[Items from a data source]
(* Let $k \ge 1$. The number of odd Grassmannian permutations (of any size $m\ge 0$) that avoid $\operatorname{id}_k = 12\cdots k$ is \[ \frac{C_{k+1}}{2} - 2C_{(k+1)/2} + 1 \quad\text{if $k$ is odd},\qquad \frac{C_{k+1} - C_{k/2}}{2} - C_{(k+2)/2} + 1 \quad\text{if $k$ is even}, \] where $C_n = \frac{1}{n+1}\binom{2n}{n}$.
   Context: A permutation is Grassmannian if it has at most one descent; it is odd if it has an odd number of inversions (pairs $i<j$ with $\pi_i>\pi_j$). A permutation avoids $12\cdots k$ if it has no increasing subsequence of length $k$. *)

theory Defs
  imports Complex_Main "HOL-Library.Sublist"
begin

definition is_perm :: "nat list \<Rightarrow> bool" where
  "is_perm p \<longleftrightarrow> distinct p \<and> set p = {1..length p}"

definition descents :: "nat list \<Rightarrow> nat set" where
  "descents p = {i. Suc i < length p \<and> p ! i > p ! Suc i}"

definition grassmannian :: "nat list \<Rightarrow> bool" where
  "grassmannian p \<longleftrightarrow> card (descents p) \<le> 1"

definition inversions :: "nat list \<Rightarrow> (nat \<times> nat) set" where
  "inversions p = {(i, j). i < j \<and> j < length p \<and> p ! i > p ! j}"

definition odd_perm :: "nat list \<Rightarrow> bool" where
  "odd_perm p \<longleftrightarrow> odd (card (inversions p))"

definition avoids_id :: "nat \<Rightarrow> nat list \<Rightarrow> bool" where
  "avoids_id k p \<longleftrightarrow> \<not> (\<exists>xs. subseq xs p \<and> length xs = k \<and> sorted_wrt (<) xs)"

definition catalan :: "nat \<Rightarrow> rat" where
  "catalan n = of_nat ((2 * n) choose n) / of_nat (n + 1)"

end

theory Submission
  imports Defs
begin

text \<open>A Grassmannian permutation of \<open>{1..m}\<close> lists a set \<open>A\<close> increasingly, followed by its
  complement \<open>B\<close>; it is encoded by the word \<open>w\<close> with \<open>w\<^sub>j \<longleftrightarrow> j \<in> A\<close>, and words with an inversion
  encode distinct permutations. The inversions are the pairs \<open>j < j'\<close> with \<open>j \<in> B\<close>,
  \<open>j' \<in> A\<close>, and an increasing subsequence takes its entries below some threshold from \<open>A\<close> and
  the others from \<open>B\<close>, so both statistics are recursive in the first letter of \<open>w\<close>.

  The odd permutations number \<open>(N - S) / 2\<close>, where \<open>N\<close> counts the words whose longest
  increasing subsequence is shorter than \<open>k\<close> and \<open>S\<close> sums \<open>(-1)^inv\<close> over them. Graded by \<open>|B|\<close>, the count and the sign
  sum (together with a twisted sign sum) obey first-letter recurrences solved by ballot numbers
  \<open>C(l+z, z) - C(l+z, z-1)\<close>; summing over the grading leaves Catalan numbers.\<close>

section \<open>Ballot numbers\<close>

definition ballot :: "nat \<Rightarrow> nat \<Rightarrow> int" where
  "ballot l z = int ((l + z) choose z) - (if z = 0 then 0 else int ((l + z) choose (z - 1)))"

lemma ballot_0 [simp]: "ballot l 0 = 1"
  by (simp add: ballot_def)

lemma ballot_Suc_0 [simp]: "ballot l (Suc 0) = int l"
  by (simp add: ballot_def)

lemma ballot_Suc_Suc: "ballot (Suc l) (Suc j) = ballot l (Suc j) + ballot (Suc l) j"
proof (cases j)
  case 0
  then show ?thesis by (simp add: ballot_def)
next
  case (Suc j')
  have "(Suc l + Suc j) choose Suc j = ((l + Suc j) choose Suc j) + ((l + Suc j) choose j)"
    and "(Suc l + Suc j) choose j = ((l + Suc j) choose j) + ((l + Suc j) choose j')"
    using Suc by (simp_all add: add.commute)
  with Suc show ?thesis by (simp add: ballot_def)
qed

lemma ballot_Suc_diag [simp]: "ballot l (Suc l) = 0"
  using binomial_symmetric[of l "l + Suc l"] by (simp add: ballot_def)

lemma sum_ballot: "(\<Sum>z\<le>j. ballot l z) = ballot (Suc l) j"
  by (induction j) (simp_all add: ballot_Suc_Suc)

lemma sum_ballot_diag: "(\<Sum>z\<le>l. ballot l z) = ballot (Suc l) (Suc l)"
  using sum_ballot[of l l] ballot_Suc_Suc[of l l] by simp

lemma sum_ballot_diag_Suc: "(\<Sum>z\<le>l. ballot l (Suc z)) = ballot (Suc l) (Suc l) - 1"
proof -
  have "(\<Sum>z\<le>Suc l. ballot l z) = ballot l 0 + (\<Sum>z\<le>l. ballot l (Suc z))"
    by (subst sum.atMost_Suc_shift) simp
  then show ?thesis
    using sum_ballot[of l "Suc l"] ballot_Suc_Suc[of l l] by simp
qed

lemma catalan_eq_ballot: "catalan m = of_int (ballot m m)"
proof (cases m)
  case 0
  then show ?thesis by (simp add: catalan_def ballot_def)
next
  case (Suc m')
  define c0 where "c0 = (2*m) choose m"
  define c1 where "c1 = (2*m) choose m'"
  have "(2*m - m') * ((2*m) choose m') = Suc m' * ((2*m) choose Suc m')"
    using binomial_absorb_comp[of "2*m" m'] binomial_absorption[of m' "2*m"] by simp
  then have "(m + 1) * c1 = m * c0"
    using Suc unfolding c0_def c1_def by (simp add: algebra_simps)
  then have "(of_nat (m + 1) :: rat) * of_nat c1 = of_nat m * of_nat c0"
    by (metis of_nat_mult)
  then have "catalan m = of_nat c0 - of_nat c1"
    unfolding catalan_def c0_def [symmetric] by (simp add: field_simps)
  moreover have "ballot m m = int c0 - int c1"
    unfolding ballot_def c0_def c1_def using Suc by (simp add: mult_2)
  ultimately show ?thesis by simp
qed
==
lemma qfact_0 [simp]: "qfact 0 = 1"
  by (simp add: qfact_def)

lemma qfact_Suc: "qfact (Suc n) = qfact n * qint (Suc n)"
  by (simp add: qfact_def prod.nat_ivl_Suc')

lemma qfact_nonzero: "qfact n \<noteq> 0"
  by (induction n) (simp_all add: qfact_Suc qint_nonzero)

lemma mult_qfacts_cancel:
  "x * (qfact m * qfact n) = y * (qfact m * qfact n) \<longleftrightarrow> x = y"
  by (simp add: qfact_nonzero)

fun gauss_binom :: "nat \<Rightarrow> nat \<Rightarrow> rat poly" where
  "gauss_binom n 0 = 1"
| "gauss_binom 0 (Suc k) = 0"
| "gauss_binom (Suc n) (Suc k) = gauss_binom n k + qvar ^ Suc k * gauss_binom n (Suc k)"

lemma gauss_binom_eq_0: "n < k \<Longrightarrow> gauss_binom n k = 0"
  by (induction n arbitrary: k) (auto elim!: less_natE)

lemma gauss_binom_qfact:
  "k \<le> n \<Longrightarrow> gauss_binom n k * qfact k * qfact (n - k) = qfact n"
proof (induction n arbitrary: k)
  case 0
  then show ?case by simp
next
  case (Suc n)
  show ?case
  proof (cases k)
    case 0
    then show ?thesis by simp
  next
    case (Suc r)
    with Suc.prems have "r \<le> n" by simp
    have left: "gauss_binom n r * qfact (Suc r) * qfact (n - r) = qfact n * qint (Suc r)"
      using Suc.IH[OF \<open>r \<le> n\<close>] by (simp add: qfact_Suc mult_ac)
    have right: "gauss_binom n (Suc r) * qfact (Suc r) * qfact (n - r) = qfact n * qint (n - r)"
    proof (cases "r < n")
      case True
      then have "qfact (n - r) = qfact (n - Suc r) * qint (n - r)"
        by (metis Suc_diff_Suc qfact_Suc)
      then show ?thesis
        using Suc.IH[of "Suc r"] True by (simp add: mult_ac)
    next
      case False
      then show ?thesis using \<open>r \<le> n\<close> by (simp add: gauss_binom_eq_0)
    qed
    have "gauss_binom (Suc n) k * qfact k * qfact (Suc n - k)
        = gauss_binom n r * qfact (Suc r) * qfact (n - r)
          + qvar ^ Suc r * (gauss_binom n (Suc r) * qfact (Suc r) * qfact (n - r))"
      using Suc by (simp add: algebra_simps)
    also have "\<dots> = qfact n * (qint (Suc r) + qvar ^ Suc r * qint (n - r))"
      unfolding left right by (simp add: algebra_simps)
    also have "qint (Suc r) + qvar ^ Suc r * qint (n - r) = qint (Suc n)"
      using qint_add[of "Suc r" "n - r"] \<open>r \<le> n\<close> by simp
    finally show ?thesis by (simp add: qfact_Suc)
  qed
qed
---
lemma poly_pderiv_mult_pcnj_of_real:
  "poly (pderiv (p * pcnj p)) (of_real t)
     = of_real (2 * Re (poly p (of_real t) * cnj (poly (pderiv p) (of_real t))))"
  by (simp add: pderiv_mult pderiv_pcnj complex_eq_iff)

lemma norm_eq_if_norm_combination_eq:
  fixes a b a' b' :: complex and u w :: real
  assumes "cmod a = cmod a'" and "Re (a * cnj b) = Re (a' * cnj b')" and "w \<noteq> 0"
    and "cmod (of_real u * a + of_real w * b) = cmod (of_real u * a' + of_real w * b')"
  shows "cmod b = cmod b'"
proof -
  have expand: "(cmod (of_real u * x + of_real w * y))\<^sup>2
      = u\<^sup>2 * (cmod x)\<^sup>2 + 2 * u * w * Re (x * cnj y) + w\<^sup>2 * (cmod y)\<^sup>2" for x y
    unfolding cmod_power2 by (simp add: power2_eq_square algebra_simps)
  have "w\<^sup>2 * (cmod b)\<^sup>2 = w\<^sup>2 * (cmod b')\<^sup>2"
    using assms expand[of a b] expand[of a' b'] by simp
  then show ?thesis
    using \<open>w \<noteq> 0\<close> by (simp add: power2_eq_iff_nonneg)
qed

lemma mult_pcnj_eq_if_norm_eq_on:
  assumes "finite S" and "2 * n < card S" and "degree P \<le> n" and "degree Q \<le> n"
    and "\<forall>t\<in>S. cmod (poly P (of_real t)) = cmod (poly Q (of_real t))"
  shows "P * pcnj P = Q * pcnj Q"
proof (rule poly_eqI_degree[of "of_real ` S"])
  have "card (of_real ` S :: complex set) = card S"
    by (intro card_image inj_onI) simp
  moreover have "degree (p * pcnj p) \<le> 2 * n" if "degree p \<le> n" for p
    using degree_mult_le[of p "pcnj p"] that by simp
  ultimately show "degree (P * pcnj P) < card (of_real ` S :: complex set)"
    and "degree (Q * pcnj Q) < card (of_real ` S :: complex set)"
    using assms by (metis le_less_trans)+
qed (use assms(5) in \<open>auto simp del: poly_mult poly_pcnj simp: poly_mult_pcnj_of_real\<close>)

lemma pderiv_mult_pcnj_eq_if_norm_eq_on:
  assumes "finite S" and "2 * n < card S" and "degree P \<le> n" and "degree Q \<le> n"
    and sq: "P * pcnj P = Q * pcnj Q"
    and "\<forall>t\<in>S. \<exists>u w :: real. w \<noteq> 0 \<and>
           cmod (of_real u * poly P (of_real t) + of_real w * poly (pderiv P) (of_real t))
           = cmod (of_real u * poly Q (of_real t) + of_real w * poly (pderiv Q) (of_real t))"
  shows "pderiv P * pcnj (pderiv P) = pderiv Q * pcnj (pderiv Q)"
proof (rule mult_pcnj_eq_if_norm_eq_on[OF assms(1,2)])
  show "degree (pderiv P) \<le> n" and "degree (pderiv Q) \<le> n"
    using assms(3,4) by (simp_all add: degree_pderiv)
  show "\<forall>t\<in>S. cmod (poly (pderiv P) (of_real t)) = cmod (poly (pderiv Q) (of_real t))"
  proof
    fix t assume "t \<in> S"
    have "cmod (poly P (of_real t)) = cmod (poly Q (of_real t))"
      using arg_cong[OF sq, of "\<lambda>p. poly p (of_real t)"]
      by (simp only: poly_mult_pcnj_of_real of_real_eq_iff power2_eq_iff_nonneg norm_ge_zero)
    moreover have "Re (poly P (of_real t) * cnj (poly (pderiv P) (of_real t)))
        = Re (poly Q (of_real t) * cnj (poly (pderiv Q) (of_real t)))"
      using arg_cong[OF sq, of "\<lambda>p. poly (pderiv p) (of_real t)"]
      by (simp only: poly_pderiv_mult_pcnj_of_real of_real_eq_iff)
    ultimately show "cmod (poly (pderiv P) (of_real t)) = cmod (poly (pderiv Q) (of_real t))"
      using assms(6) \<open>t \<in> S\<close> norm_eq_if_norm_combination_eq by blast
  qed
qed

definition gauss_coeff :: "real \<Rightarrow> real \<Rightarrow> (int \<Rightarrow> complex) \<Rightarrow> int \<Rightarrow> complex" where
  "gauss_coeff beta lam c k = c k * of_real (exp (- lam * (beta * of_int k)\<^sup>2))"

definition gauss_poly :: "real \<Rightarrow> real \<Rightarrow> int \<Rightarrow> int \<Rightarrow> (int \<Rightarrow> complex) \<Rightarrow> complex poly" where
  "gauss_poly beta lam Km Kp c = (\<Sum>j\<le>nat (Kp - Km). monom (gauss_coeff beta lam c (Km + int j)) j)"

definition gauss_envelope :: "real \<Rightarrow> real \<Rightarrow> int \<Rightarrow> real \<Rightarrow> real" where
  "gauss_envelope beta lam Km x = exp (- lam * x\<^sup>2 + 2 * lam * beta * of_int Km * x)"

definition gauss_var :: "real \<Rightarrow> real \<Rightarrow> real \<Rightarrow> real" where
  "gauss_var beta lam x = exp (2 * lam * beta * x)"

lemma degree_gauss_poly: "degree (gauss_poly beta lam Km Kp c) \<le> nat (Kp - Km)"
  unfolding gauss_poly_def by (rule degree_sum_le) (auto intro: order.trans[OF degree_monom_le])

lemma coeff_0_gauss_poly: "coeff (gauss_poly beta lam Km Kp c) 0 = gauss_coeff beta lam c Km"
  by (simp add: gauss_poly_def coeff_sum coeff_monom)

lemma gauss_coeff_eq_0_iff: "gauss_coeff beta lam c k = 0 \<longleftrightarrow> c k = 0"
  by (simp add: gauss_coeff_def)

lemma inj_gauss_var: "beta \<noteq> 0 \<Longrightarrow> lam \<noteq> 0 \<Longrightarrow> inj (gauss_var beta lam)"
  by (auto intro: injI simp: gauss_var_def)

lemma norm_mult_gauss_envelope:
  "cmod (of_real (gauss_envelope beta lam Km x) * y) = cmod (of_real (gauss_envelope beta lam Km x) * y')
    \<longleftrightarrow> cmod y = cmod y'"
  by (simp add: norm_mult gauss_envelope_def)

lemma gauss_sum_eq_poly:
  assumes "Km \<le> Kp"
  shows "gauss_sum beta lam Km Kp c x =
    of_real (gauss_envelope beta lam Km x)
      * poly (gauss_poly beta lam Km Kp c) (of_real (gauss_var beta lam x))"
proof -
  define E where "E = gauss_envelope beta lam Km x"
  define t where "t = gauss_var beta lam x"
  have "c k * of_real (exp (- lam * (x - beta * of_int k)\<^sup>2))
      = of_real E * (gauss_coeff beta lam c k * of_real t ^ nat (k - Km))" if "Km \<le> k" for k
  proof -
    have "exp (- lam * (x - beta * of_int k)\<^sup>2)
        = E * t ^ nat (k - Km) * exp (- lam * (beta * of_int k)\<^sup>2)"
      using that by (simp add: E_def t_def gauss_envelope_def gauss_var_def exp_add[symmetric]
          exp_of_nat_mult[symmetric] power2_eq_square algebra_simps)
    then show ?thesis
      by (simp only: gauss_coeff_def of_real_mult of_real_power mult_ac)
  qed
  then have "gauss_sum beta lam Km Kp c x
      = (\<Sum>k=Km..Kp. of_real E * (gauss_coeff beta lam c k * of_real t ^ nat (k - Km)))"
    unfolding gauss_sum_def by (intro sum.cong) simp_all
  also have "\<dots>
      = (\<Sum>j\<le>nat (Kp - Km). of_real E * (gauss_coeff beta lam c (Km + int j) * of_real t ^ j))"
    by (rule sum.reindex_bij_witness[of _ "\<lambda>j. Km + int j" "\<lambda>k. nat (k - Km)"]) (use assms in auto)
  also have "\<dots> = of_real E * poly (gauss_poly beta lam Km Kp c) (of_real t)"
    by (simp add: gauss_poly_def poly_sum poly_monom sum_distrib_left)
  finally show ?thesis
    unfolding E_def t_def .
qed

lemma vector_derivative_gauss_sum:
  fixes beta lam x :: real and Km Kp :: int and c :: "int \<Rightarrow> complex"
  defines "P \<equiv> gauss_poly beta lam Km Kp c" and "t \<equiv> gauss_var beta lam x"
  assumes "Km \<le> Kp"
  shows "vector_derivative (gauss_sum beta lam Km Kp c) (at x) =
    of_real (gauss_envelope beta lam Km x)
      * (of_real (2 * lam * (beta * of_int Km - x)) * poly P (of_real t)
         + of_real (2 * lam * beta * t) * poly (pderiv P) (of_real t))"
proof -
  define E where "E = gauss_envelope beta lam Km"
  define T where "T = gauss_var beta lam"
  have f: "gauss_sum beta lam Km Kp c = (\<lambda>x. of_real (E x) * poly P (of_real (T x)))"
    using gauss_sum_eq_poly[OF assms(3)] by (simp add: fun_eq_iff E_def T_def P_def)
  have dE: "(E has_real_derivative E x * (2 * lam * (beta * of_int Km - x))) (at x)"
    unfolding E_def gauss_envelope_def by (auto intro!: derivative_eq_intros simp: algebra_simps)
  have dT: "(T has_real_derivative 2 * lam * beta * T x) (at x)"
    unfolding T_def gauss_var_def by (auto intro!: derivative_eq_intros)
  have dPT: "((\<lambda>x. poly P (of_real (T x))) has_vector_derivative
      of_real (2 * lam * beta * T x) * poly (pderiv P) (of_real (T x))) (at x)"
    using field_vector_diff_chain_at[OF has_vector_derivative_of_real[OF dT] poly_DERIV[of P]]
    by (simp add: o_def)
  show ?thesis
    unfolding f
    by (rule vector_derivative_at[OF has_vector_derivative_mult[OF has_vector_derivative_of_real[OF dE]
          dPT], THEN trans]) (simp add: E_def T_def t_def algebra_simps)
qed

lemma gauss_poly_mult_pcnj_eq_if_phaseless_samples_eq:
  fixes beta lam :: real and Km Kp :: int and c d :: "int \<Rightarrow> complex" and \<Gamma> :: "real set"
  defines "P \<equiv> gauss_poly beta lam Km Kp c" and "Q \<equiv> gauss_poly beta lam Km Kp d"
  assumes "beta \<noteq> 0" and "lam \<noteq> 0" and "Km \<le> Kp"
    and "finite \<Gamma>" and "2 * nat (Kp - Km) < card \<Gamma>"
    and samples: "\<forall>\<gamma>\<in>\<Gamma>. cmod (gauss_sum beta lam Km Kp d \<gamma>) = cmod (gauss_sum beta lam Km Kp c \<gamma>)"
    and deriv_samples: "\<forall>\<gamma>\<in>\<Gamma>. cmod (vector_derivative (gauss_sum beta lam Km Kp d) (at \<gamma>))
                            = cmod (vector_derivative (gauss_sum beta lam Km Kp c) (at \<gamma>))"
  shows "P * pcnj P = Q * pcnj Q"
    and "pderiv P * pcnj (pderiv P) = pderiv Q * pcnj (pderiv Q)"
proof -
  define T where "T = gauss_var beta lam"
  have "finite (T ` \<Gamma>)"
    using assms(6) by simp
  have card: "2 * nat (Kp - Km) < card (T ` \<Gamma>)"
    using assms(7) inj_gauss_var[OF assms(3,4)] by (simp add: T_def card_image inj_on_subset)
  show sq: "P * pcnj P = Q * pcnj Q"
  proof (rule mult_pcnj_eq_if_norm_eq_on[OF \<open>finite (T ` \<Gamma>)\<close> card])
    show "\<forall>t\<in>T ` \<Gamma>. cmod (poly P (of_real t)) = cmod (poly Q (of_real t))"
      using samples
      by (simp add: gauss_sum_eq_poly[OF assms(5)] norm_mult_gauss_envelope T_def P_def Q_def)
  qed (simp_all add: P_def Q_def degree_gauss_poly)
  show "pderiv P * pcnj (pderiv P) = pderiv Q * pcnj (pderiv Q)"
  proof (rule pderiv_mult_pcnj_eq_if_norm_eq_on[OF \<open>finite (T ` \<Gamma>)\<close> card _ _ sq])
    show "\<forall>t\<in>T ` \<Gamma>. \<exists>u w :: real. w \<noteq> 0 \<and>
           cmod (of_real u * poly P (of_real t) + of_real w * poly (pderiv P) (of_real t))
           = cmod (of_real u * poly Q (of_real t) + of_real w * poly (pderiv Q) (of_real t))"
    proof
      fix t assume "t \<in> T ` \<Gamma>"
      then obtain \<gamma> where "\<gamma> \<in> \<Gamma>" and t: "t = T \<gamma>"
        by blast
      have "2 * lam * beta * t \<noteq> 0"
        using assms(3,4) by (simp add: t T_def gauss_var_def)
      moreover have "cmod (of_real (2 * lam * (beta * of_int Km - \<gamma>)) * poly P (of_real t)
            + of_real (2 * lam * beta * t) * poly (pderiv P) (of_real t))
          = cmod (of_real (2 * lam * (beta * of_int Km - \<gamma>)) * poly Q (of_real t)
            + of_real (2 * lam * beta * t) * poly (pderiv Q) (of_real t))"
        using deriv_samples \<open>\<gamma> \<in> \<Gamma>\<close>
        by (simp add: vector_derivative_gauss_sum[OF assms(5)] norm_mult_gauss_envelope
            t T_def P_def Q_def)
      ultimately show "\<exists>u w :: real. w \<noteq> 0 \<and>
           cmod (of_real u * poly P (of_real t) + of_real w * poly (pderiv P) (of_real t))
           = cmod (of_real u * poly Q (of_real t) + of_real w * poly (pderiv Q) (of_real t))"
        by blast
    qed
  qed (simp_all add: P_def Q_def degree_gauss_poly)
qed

* What to work on
Find "by (intro card_image inj_onI) simp" in the entries above and copy that whole line exactly, then each line after it through the line that contains "using assms by (metis le_less_trans)+".

* Solution for this exercise
    by (intro card_image inj_onI) simp
  moreover have "degree (p * pcnj p) \<le> 2 * n" if "degree p \<le> n" for p
    using degree_mult_le[of p "pcnj p"] that by simp
  ultimately show "degree (P * pcnj P) < card (of_real ` S :: complex set)"
    and "degree (Q * pcnj Q) < card (of_real ` S :: complex set)"
    using assms by (metis le_less_trans)+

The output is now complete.